Le secteur crypto sous les feux des projecteurs

Créé le

15.03.2023

-

Mis à jour le

20.03.2023

Le caractère décentralisé et relativement anonyme des cryptomonnaies en a fait un véhicule idéal pour les activités illicites. Faut-il pour autant en blâmer la technologie sous-jacente ?

Le blanchiment d’argent aura été un terrain fertile pour les détracteurs des cryptomonnaies, et cela depuis les débuts du bitcoin. Ce sont en premier lieu les achats illégaux sur le dark web qui ont attiré l’attention sur la possible utilisation du bitcoin pour des transactions illégales. Un thème dominant en 2013, lorsque les autorités américaines ont fermé le site Silk Road et arrêté son fondateur, Ross Ulbricht.

Une question légitime se pose depuis lors : faut-il blâmer la technologie qui se cache derrière le bitcoin pour l’utilisation de cryptomonnaies dans des transactions illégales ? Si tel est le cas, il conviendra de réserver le même traitement au billet vert, la devise privilégiée dans les activités de blanchiment d’argent.
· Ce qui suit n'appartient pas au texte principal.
lemma refinement_budget_le:
  fixes N r m :: nat and \<epsilon> :: real
  assumes "2 \<le> N" "2 \<le> r" "m \<le> r" "0 \<le> \<epsilon>"
  shows "(real r * 3 ^ N + (3 ^ (N * r) - 1) / 2 + real m) * (\<epsilon> / 3 ^ (N * r)) \<le> 5/2 * \<epsilon>"
proof -
  have "r * 3 ^ N \<le> 3 ^ (N * r)"
    using assms by (intro mult_pow_le_pow_mult) auto
  then have "real (r * 3 ^ N) \<le> real (3 ^ (N * r))"
    by (simp only: of_nat_le_iff)
  then have r_le: "real r * 3 ^ N \<le> 3 ^ (N * r)"
    by simp
  have "real m \<le> real r * 3 ^ N"
    using assms(3) mult_right_mono[of 1 "3 ^ N" "real r"] by (simp add: mult.commute)
  then have "real r * 3 ^ N + (3 ^ (N * r) - 1) / 2 + real m \<le> 5/2 * 3 ^ (N * r)"
    using r_le unfolding diff_divide_distrib by linarith
  then have "(real r * 3 ^ N + (3 ^ (N * r) - 1) / 2 + real m) * (\<epsilon> / 3 ^ (N * r))
      \<le> 5/2 * 3 ^ (N * r) * (\<epsilon> / 3 ^ (N * r))"
    using assms(4) by (intro mult_right_mono) auto
  then show ?thesis
    by simp
qed

theorem theorem1:
  fixes F F' :: "real \<Rightarrow> real" and u0 :: "real \<Rightarrow> real"
    and a h \<Delta>t \<epsilon> :: real and N r m :: nat and j :: int
  assumes F_deriv: "\<And>x. (F has_real_derivative F' x) (at x)"
    and F'_cont: "continuous_on UNIV F'"
    and h_pos: "h > 0" and dt_pos: "\<Delta>t > 0"
    and N_gt: "N > 1" and r_even: "even r" and r_ge: "r \<ge> 2"
    and cfl_coarse: "efc_cfl F' h \<Delta>t (\<lambda>j. u0 (a + real_of_int j * h))"
    and cfl_fine: "efc_cfl F' (h / real r) (\<Delta>t / real r) (\<lambda>i. u0 (a + real_of_int i * (h / real r)))"
    and eps_pos: "\<epsilon> > 0"
    and m_ge: "1 \<le> m" and m_le: "m \<le> r"
    and init_small: "\<And>i::int.
      \<bar>efc F' (h / real r) (\<Delta>t / real r) (\<lambda>i. u0 (a + real_of_int i * (h / real r))) 0 i
       - efc F' (h / real r) (\<Delta>t / real r) (\<lambda>i. u0 (a + real_of_int i * (h / real r))) 0 (i + 1)\<bar>
       \<le> \<epsilon> / 3 ^ (N * r)"
  shows
    "let k = h / real r; dt = \<Delta>t / real r; M = N * r;
         w = efc F' h \<Delta>t (\<lambda>j. u0 (a + real_of_int j * h));
         u = efc F' k dt (\<lambda>i. u0 (a + real_of_int i * k));
         p1 = a + real_of_int j * h; p2 = a + real_of_int (j + 1) * h;
         d1 = w N j; d2 = w N (j + 1);
         v_m = hermite_v p1 p2 d1 d2 (real m / real r);
         u_m = u M (j * int r + int m)
     in \<bar>v_m - u_m\<bar> \<le> 3/2 * h + 3/4 * \<bar>d1 + d2\<bar> + (real (min m (r - m)) + 3) * \<epsilon>"
proof -
  define zf where "zf = (\<lambda>i. u0 (a + real_of_int i * (h / real r)))"
  define \<delta> where "\<delta> = \<epsilon> / 3 ^ (N * r)"
  have r_pos: "real r > 0"
    using r_ge by simp
  have coarse_eq: "(\<lambda>j. u0 (a + real_of_int j * h)) = (\<lambda>i. zf (i * int r))"
    using r_pos by (simp add: zf_def)
  have fine_pos: "h / real r > 0" "\<Delta>t / real r > 0"
    using r_pos h_pos dt_pos by simp_all
  have "\<bar>zf i - zf (i + 1)\<bar> \<le> \<delta>" for i
    using init_small by (simp add: zf_def \<delta>_def)
  note dist = efc_refinement_dist_le[OF cfl_coarse[unfolded coarse_eq] h_pos dt_pos
      cfl_fine[folded zf_def] fine_pos this, of N j "N * r" m]
  have "(real r * 3 ^ N + (3 ^ (N * r) - 1) / 2 + real m) * \<delta> \<le> 5/2 * \<epsilon>" (is "?budget \<le> _")
    unfolding \<delta>_def using N_gt r_ge m_le eps_pos by (intro refinement_budget_le) auto
  also have "\<dots> \<le> (real (min m (r - m)) + 3) * \<epsilon>"
    using eps_pos by simp
  finally have "?budget \<le> (real (min m (r - m)) + 3) * \<epsilon>" .
  note err = order_trans[OF dist this]
  have t: "0 \<le> real m / real r" "real m / real r \<le> 1"
    using m_le r_pos by simp_all
  have "\<bar>(a + real_of_int (j + 1) * h) - (a + real_of_int j * h)\<bar> = h"
    using h_pos by (simp add: algebra_simps)
  note hermite = hermite_v_dist_le[OF t, of "a + real_of_int j * h" "a + real_of_int (j + 1) * h",
      unfolded this]
  show ?thesis
    unfolding Let_def coarse_eq zf_def[symmetric] by (rule order_trans[OF hermite add_left_mono[OF err]])
qed

end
En effet, un tel raisonnement imposerait de condamner la Réserve fédérale américaine, émettrice du dollar américain, pour l’utilisation illicite des billets qu’elle imprime.

Une activité économique à part entière

Il convient de rappeler que le blanchiment d’argent n’est apparu qu’au début du XXe siècle, avec le développement de l’économie souterraine et l’apparition des premières organisations criminelles organisées. Les mafias ont été les premières à utiliser des techniques perfectionnées pour blanchir leurs revenus issus de la prostitution, des jeux d’argent et du trafic de drogue. Au fil des années, ces pratiques se sont perfectionnées, avec l’utilisation de sociétés écrans et de transferts internationaux. C’est ainsi que le blanchiment d’argent est devenu une activité économique à part entière, représentant plusieurs centaines de milliards de dollars chaque année.

Les techniques de blanchiment ont évolué avec la technologie et le caractère décentralisé et relativement anonyme des cryptomonnaies en a fait un véhicule idéal pour les activités illicites telles que le blanchiment d’argent et la corruption. Cependant, de nombreux acteurs clés de l’industrie des cryptomonnaies ont pris des mesures pour lutter contre cette perception.

Par ailleurs, de nombreuses avancées ont été réalisées au fil des ans : les exchanges de cryptomonnaies doivent à présent se conformer aux lois antiblanchiment (AML) et à la réglementation financière dans leurs juridictions respectives, tout en mettant en place des procédures de vérification d’identité de leurs clients (KYC).

Des solutions de surveillance

Les acteurs de l’industrie ne sont pas restés passifs face à la critique et ont également développé des solutions pour surveiller les transactions suspectes et les associer à des adresses IP ou à des portefeuilles numériques spécifiques.

Malgré les améliorations du secteur en matière de lutte contre le blanchiment d’argent, les autorités financières ont mis en garde contre les risques associés aux exchanges, susceptibles de faciliter le blanchiment d’argent. C’est dans ce contexte épineux que Binance est actuellement sous les feux des projecteurs, accusée d’être un foyer d’activités financières illégales aux États-Unis. Les trois sénateurs américains à l’origine de ces soupçons exigent d’en savoir plus sur la politique de lutte contre le blanchiment d’argent de l’exchange et sur sa relation avec sa filiale américaine. Si ces soupçons sont avérés, cela pourrait impacter d’autres exchanges majeurs et nuire aux projets décentralisés, premières victimes des dérives de la centralisation.